Tuesday, May 31, 2016

Backseat Driving Done Right

It's Graduation season, that time of the year when high school and college students finish their schooling and walk across the stage in a cap and gown to get a piece of paper with their name on it.  As it happens, this year my niece Courtney walked the stage as she graduated from high school, and the family trooped off to the Laurie Auditorium at Trinity University to watch this milestone.  I rode with my parents to the event. 

It's been awhile since I have ridden in the backseat of the family car, and things have changed since then.  For one thing, I developed a bit of claustrophobia, and sitting in the backseat is a little close.  For another, my parents are older.  My dad normally drives a huge pick up truck, but for this evening we were in my mother's Honda.  Except that my dad was driving like he was still in his pickup; he pretended that speed bumps put on our route weren't there and barely slowed down.  Short as I am, it was difficult not to go airborne.  I was grateful for the seatbelt!  I noticed my mother gripping her hands together, and I knew that she was nervous about her car. 

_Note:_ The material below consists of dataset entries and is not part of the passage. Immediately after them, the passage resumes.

lemma dist_unit_root_refine:
  assumes "k \<le> k'"
  shows "norm (unit_root k' j - unit_root k (j div 2 ^ (k' - k))) < 2 * pi / 2 ^ k"
proof -
  define d :: nat where "d = 2 ^ (k' - k)"
  define P :: real where "P = 2 ^ k'"
  have md: "P = 2 ^ k * real d" and d0: "d > 0" and P: "P > 0"
    using assms by (simp_all add: P_def d_def power_add[symmetric])
  have jd: "real j = real d * real (j div d) + real (j mod d)"
    by (metis div_mult_mod_eq of_nat_add of_nat_mult mult.commute)
  have "2 * pi * real j / real (2 ^ k') - 2 * pi * real (j div d) / real (2 ^ k) =
      2 * pi * (real j - real d * real (j div d)) / P"
    using md d0 unfolding P_def by (simp add: field_simps)
  also have "\<dots> = 2 * pi * real (j mod d) / P"
    using jd by simp
  finally have diff: "2 * pi * real j / real (2 ^ k') - 2 * pi * real (j div d) / real (2 ^ k) =
      2 * pi * real (j mod d) / P" .
  have "2 * pi * real (j mod d) / P < 2 * pi * real d / P"
    using d0 P pi_gt_zero by (intro divide_strict_right_mono) auto
  also have "2 * pi * real d / P = 2 * pi / 2 ^ k"
    using md d0 by (simp add: field_simps)
  finally show ?thesis
    using norm_cis_diff[of "2 * pi * real j / real (2 ^ k')" "2 * pi * real (j div d) / real (2 ^ k)"]
      P pi_gt_zero unfolding unit_root_def d_def[symmetric] diff by simp
qed

lemma sum_lessThan_mult_div:
  fixes G :: "nat \<Rightarrow> 'c::comm_monoid_add"
  shows "(\<Sum>j<m * d. G (j div d)) = (\<Sum>a<m. \<Sum>i<d. G a)"
proof -
  have "(\<Sum>j<m * d. G (j div d)) = (\<Sum>a<m. \<Sum>j\<in>{a * d..<a * d + d}. G (j div d))"
    by (rule sum.nat_group[symmetric])
  also have "\<dots> = (\<Sum>a<m. \<Sum>j\<in>{a * d..<a * d + d}. G a)"
    by (intro sum.cong refl arg_cong[where f = G]) (auto intro: div_nat_eqI simp: algebra_simps)
  also have "\<dots> = (\<Sum>a<m. \<Sum>i<d. G a)"
    using sum.shift_bounds_nat_ivl[of "\<lambda>_. G _" 0 "_ * d" d]
    by (simp add: add.commute atLeast0LessThan)
  finally show ?thesis .
qed

lemma sum_half_powers: "N \<le> N' \<Longrightarrow> (\<Sum>n\<in>{N..<N'}. (1/2::real) ^ n) = 2 * (1/2) ^ N - 2 * (1/2) ^ N'"
  by (induction N' rule: dec_induct) (simp_all add: sum.atLeastLessThan_Suc)

context clcs_space
begin

lemma partial_sums_diff_le_geometric:
  assumes p: "p \<in> P" and M: "M \<ge> 0" "\<And>n. p (a n) \<le> M * (1/2) ^ n" and "N \<le> N'"
  shows "p ((\<Sum>n<N'. a n) - (\<Sum>n<N. a n)) \<le> 2 * M * (1/2) ^ N"
proof -
  interpret p: complex_seminorm sm p
    using seminorm[OF p] .
  have "(\<Sum>n<N'. a n) - (\<Sum>n<N. a n) = (\<Sum>n\<in>{N..<N'}. a n)"
    using sum_diff_nat_ivl[of 0 N N' a] \<open>N \<le> N'\<close> by (simp add: atLeast0LessThan)
  then have "p ((\<Sum>n<N'. a n) - (\<Sum>n<N. a n)) \<le> (\<Sum>n\<in>{N..<N'}. p (a n))"
    using p.sum_le[of a "{N..<N'}"] by simp
  also have "\<dots> \<le> (\<Sum>n\<in>{N..<N'}. M * (1/2) ^ n)"
    by (rule sum_mono) (rule M(2))
  also have "\<dots> = M * (2 * (1/2) ^ N - 2 * (1/2) ^ N')"
    by (simp add: sum_distrib_left[symmetric] sum_half_powers[OF \<open>N \<le> N'\<close>])
  also have "\<dots> \<le> 2 * M * (1/2) ^ N"
    using M(1) by (simp add: algebra_simps)
  finally show ?thesis .
qed
lemma total_recursive_comp2:
  "total_recursive 2 g \<Longrightarrow> total_recursive n h1 \<Longrightarrow> total_recursive n h2
    \<Longrightarrow> total_recursive n (\<lambda>xs. g [h1 xs, h2 xs])"
  using total_recursive_comp[of 2 g "[h1, h2]" n] by simp

lemma total_recursive_Suc: "total_recursive 1 (\<lambda>xs. Suc (xs ! 0))"
  by (rule total_recursive_cong[OF total_recursive_recfn[OF rf_succ]]) (auto simp: length_Suc_conv)

lemma total_recursive_const: "total_recursive n (\<lambda>_. c)"
proof (induction c)
  case 0
  show ?case by (rule total_recursive_recfn, rule rf_zero)
next
  case (Suc c)
  show ?case
    using total_recursive_comp1[OF total_recursive_Suc Suc.IH] by simp
qed

lemma total_recursive_prim_rec:
  assumes g: "total_recursive n g" and h: "total_recursive (n + 2) h"
    and eq: "\<And>x ys. length ys = n \<Longrightarrow> prim_rec g h x ys = F (x # ys)"
  shows "total_recursive (n + 1) F"
proof -
  obtain fg where fg: "recfn n fg" "\<And>xs. length xs = n \<Longrightarrow> fg xs = g xs"
    using g unfolding total_recursive_def by blast
  obtain fh where fh: "recfn (Suc (Suc n)) fh" "\<And>xs. length xs = Suc (Suc n) \<Longrightarrow> fh xs = h xs"
    using h unfolding total_recursive_def by auto
  have "prim_rec fg fh x ys = prim_rec g h x ys" if "length ys = n" for x ys
    using that by (induction x) (simp_all add: fg fh)
  then have "prim_rec fg fh (hd xs) (tl xs) = F xs" if "length xs = Suc n" for xs
    using that eq by (cases xs) auto
  with rf_prim[OF fg(1) fh(1)] show ?thesis
    unfolding total_recursive_def Suc_eq_plus1 by blast
qed

lemma total_recursive_plus: "total_recursive 2 (\<lambda>xs. xs ! 0 + xs ! 1)"
proof (rule total_recursive_prim_rec[of 1, unfolded one_add_one])
  show "prim_rec (\<lambda>ys. ys ! 0) (\<lambda>zs. Suc (zs ! 1)) x ys = (x # ys) ! 0 + (x # ys) ! 1" for x ys
    by (induction x) simp_all
qed (use total_recursive_comp1[OF total_recursive_Suc] in \<open>simp_all add: total_recursive_proj\<close>)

After the graduation ceremony, we returned to the car and headed home.  My dad exited the university, then headed for the traffic light.  He put on his turn signal at the stop light.  That's when the fun started, just like when I was a kid.

Mom:  "There's no right turn on red here,"

Dad: "There's no sign saying that."  

Mom: "Yes there is."

Dad: "I don't see any sign."

"Dad, you can't see oncoming traffic,"   I could not see the traffic light from the backseat, but I could see the left corner of the road jutting out to block our view. I felt compelled to speak up. 

Mom: "And it's no right turn on red."    Luckily, the light turned green, saving my dad from responding.  As we turned the corner, I saw the sign my mom was talking about, but kept quiet.  It became obvious that my dad was in a hurry to get home. 

"Dad, you're going a little fast.  There's a lot of cops out tonight."  I didn't mean to say a word; I had resolved to sit quietly in the backseat.  But my mother trained me well, and I could not help myself. I proceeded to correct his driving several more times, becoming more and more horrified at myself.  I even mentioned the speed bumps on the way back!  

"Can I just drive?" My dad had had enough of my shenanigans.  I'd had enough of myself as well.  However, I think my mom was secretly pleased.